lemma hom_complexity_lower_bound:
  assumes hom: "is_hom_Zn_Z n \<phi>" and disc: "discriminates_ball n \<phi> (n * R)"
  shows "(R + 1) ^ n \<le> 2 * hom_complexity n \<phi> * n * R + 1"
proof -
  define N where "N = int (hom_complexity n \<phi>) * int (n * R)"
  have inj: "inj_on \<phi> (digit_box n R)"
  proof (rule inj_onI, rule ccontr)
    fix u w
    assume u: "u \<in> digit_box n R" and w: "w \<in> digit_box n R"
      and eq: "\<phi> u = \<phi> w" and "u \<noteq> w"
    define d where "d = (\<lambda>i. u i - w i)"
    have d: "d \<in> Zn n" "d \<noteq> (\<lambda>_. 0)"
      using u w \<open>u \<noteq> w\<close> by (auto simp: d_def digit_box_def fun_eq_iff)
    have "word_len_Zn n d \<le> n * R"
      using u w by (intro word_len_Zn_le) (force simp: d_def digit_box_def)
    then have "\<phi> d \<noteq> 0"
      using disc d unfolding discriminates_ball_def by blast
    moreover have "\<phi> u = \<phi> d + \<phi> w"
      using hom_Zn_Z_add[OF hom d(1), of w] w by (simp add: d_def digit_box_def)
    ultimately show False
      using eq by simp
  qed
  have "\<phi> ` digit_box n R \<subseteq> {-N..N}"
  proof
    fix y
    assume "y \<in> \<phi> ` digit_box n R"
    then obtain v where v: "v \<in> digit_box n R" "y = \<phi> v"
      by blast
    have "word_len_Zn n v \<le> n * R"
      using v(1) by (intro word_len_Zn_le) (simp add: digit_box_def)
    have "\<bar>\<phi> v\<bar> \<le> int (hom_complexity n \<phi>) * int (word_len_Zn n v)"
      using abs_hom_le_complexity_word_len[OF hom] v(1) by (simp add: digit_box_def)
    also have "\<dots> \<le> N"
      unfolding N_def using \<open>word_len_Zn n v \<le> n * R\<close> by (intro mult_left_mono) (simp_all flip: of_nat_mult)
    finally show "y \<in> {-N..N}"
      using v(2) by auto
  qed
  then have "card (digit_box n R) \<le> card {-N..N}"
    using inj by (intro card_inj_on_le) auto
  then show ?thesis
    by (simp add: card_digit_box N_def nat_add_distrib nat_mult_distrib ac_simps)
qed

==============================

Problem requirements: Exactly as they appear above, print all the entries.

Solved problem:
lemma hom_complexity_lower_bound:
  assumes hom: "is_hom_Zn_Z n \<phi>" and disc: "discriminates_ball n \<phi> (n * R)"
  shows "(R + 1) ^ n \<le> 2 * hom_complexity n \<phi> * n * R + 1"
proof -
  define N where "N = int (hom_complexity n \<phi>) * int (n * R)"
  have inj: "inj_on \<phi> (digit_box n R)"
  proof (rule inj_onI, rule ccontr)
    fix u w
    assume u: "u \<in> digit_box n R" and w: "w \<in> digit_box n R"
      and eq: "\<phi> u = \<phi> w" and "u \<noteq> w"
    define d where "d = (\<lambda>i. u i - w i)"
    have d: "d \<in> Zn n" "d \<noteq> (\<lambda>_. 0)"
      using u w \<open>u \<noteq> w\<close> by (auto simp: d_def digit_box_def fun_eq_iff)
    have "word_len_Zn n d \<le> n * R"
      using u w by (intro word_len_Zn_le) (force simp: d_def digit_box_def)
    then have "\<phi> d \<noteq> 0"
      using disc d unfolding discriminates_ball_def by blast
    moreover have "\<phi> u = \<phi> d + \<phi> w"
      using hom_Zn_Z_add[OF hom d(1), of w] w by (simp add: d_def digit_box_def)
    ultimately show False
      using eq by simp
  qed
  have "\<phi> ` digit_box n R \<subseteq> {-N..N}"
  proof
    fix y
    assume "y \<in> \<phi> ` digit_box n R"
    then obtain v where v: "v \<in> digit_box n R" "y = \<phi> v"
      by blast
    have "word_len_Zn n v \<le> n * R"
      using v(1) by (intro word_len_Zn_le) (simp add: digit_box_def)
    have "\<bar>\<phi> v\<bar> \<le> int (hom_complexity n \<phi>) * int (word_len_Zn n v)"
      using abs_hom_le_complexity_word_len[OF hom] v(1) by (simp add: digit_box_def)
    also have "\<dots> \<le> N"
      unfolding N_def using \<open>word_len_Zn n v \<le> n * R\<close> by (intro mult_left_mono) (simp_all flip: of_nat_mult)
    finally show "y \<in> {-N..N}"
      using v(2) by auto
  qed
  then have "card (digit_box n R) \<le> card {-N..N}"
    using inj by (intro card_inj_on_le) auto
  then show ?thesis
    by (simp add: card_digit_box N_def nat_add_distrib nat_mult_distrib ac_simps)
qed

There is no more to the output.